Hello! I'm having an issue with musl (at git master.) It appears as the waitpid[1] implementation assumes that the syscall returns values matching the waitpid specification, but it does not! This causes some programs to hang. Runit's "runsv" program is one example. It does something like this: for (;;) { child = waitpid(-1, &wstat, WNOHANG); if (!child) break; if ((child == -1) && (errno != EINTR)) break; if (child == svd[0].pid) { // do things with child } } When I inspect a hung runsv process with strace I find it calling wait4 at full speed, stuck in this loop. wait4 comes from calling the waitpid function which in musl performs the wait4 syscall and returns the value. The waitpid spec[2] says its return value is either the PID, -1 with errno set to EINTR or 0 in WNOHANG mode. So, the expected returns values are: >0, 0, -1. However the wait4 syscall[3] in Linux 5 returns other values, specifically it returns errors as negative values. The error that trips up programs like runit's runsv is ECHILD (-10) which wait4 returns when there are no children (i.e. they have exited.) I propose that you change the waitpid implementation to handle this. Something like this: pid_t waitpid(pid_t pid, int *status, int options) { pid_t r = syscall_cp(SYS_wait4, pid, status, options, 0); if (r < 0) { errno = -r; r = -1; } return r; } -- Rasmus [1] waitpid in musl: http://git.musl-libc.org/cgit/musl/tree/src/process/waitpid.c [2] waitpid spec: https://pubs.opengroup.org/onlinepubs/9699919799/functions/wait.html [2] waitpid in glibc: https://man7.org/linux/man-pages/man2/waitpid.2.html [3] wait4 syscall implementation in Linux 5.10.1: kernel/exit.c:1638 and kernel/exit.c:1579 (online: https://elixir.bootlin.com/linux/v5.10.1/source/kernel/exit.c#L1579)

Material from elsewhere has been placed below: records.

lemma
  fixes S :: "real^'n^'n"
  assumes "psd S"
  shows psd_psd_sqrt: "psd (psd_sqrt S)" and psd_sqrt_mult_self: "psd_sqrt S ** psd_sqrt S = S"
proof -
  have "\<exists>!X. psd X \<and> X ** X = S"
    using psd_sqrt_exists[OF assms] psd_sqrt_unique by metis
  then have "psd (psd_sqrt S) \<and> psd_sqrt S ** psd_sqrt S = S"
    unfolding psd_sqrt_def by (rule theI')
  then show "psd (psd_sqrt S)" "psd_sqrt S ** psd_sqrt S = S" by auto
qed

lemma psd_diag_nonneg: "psd P \<Longrightarrow> 0 \<le> P $ i $ i"
  by (simp add: matrix_component_eq_inner psd_inner_nonneg)

lemma psd_trace_nonneg: "psd P \<Longrightarrow> 0 \<le> trace P"
  unfolding trace_def by (intro sum_nonneg psd_diag_nonneg)

lemma trace_mult_psd_nonneg:
  fixes P Q :: "real^'n^'n"
  assumes "psd P" "psd Q"
  shows "0 \<le> trace (P ** Q)"
proof -
  let ?Y = "psd_sqrt Q"
  have "trace (P ** Q) = trace ((P ** ?Y) ** ?Y)"
    using psd_sqrt_mult_self[OF assms(2)] by (simp add: matrix_mul_assoc[symmetric])
  also have "\<dots> = trace (?Y ** (P ** ?Y))"
    by (rule trace_mul_sym)
  also have "\<dots> = trace (transpose ?Y ** P ** ?Y)"
    by (simp add: psd_transpose[OF psd_psd_sqrt[OF assms(2)]] matrix_mul_assoc)
  also have "\<dots> \<ge> 0" by (intro psd_trace_nonneg psd_congruence assms(1))
  finally show ?thesis .
qed

lemma psd_abs_entry_le:
  fixes P :: "real^'n^'n"
  assumes "psd P"
  shows "2 * \<bar>P $ i $ j\<bar> \<le> P $ i $ i + P $ j $ j"
proof -
  let ?a = "axis i 1 :: real^'n" and ?b = "axis j 1 :: real^'n"
  have "P $ j $ i = P $ i $ j"
    using psd_transpose[OF assms] unfolding transpose_def by (metis vec_lambda_beta)
  moreover have "(?a + s *\<^sub>R ?b) \<bullet> (P *v (?a + s *\<^sub>R ?b))
      = ?a \<bullet> (P *v ?a) + s * (?a \<bullet> (P *v ?b)) + s * (?b \<bullet> (P *v ?a)) + s\<^sup>2 * (?b \<bullet> (P *v ?b))"
    for s
    by (simp only: matrix_vector_right_distrib matrix_vector_mult_scaleR inner_add_left
        inner_add_right inner_scaleR_left inner_scaleR_right) (simp add: algebra_simps power2_eq_square)
  ultimately have "0 \<le> P $ i $ i + 2 * s * P $ i $ j + s\<^sup>2 * P $ j $ j" for s
    using psd_inner_nonneg[OF assms, of "?a + s *\<^sub>R ?b"]
    by (simp only: matrix_component_eq_inner[symmetric])
  from this[of 1] this[of "-1"] show ?thesis by (simp add: abs_if)
qed

lemma psd_norm_le_trace:
  fixes P :: "real^'n^'n"
  assumes "psd P"
  shows "norm P \<le> CARD('n) * trace P"
proof -
  have "norm P \<le> (\<Sum>i\<in>UNIV. norm (P $ i))"
    unfolding norm_vec_def by (rule L2_set_le_sum) simp
  also have "\<dots> \<le> (\<Sum>i\<in>UNIV. \<Sum>j\<in>UNIV. (P $ i $ i + P $ j $ j) / 2)"
    using psd_abs_entry_le[OF assms] norm_le_l1_cart
    by (intro sum_mono order_trans[OF norm_le_l1_cart]) (simp add: field_simps)
  also have "\<dots> = CARD('n) * trace P"
    by (simp add: trace_def sum.distrib sum_divide_distrib[symmetric] sum_distrib_left
        mult.commute)
  finally show ?thesis .
qed

lemma one_add_sum_le_prod_one_add:
  fixes d :: "'a \<Rightarrow> real"
  assumes "finite I" "\<And>i. i \<in> I \<Longrightarrow> 0 \<le> d i"
  shows "1 + sum d I \<le> (\<Prod>i\<in>I. 1 + d i)"
  using assms
proof (induction I rule: finite_induct)
  case (insert a I)
  then have "1 + sum d (insert a I) \<le> (1 + d a) * (1 + sum d I)"
    by (simp add: algebra_simps sum_nonneg)
  also have "\<dots> \<le> (1 + d a) * (\<Prod>i\<in>I. 1 + d i)"
    using insert by (intro mult_left_mono) auto
  finally show ?case using insert by simp
qed simp

lemma det_orthogonal_conj:
  fixes U M :: "real^'n^'n"
  assumes "orthogonal_matrix U"
  shows "det (U ** M ** transpose U) = det M"
  using assms det_mul[of U "transpose U"] by (simp add: det_mul orthogonal_matrix_def)

lemma trace_orthogonal_conj:
  fixes U M :: "real^'n^'n"
  assumes "orthogonal_matrix U"
  shows "trace (U ** M ** transpose U) = trace M"
  using assms trace_mul_sym[of "U ** M" "transpose U"]
  by (simp add: orthogonal_matrix matrix_mul_assoc)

On Tue, Jan 19, 2021 at 10:18:04AM -0800, Rasmus Andersson wrote:
> However the wait4 syscall[3] in Linux 5 returns other values,
> specifically it returns errors as negative values. The error that
> trips up programs like runit's runsv is ECHILD (-10) which wait4
> returns when there are no children (i.e. they have exited.)
>
Hmm... that is very weird. That should not happen. Because the
syscall_cp macro already contains a call to __syscall_ret(), which does
exactly what you propose. So that means, there is something else going
on in your copy of the code. Did you change anything about the source
code? Or can you disassemble the function to see what it does?
Ciao,
Markus
On Tue, Jan 19, 2021 at 11:33 AM Markus Wichmann <nullplan@gmx.net> wrote: > > On Tue, Jan 19, 2021 at 10:18:04AM -0800, Rasmus Andersson wrote: > > However the wait4 syscall[3] in Linux 5 returns other values, > > specifically it returns errors as negative values. The error that > > trips up programs like runit's runsv is ECHILD (-10) which wait4 > > returns when there are no children (i.e. they have exited.) > > > > Hmm... that is very weird. That should not happen. Because the > syscall_cp macro already contains a call to __syscall_ret(), which does > exactly what you propose. So that means, there is something else going > on in your copy of the code. Did you change anything about the source > code? Or can you disassemble the function to see what it does? > Strange! You are right of course; looking at src/internal/syscall.h I indeed see that syscall_cp calls __syscall_ret(__syscall_cp(args)) The musl I'm building with comes from https://musl.cc/#binaries which is created from these scripts according to the author: https://git.zv.io/xstatic/mcm It doesn't seem to apply any patches. Anyhow, I'm currently building musl & gcc myself using musl-cross-make. I will see how that pans out and report back. Thank you for your quick response Markus!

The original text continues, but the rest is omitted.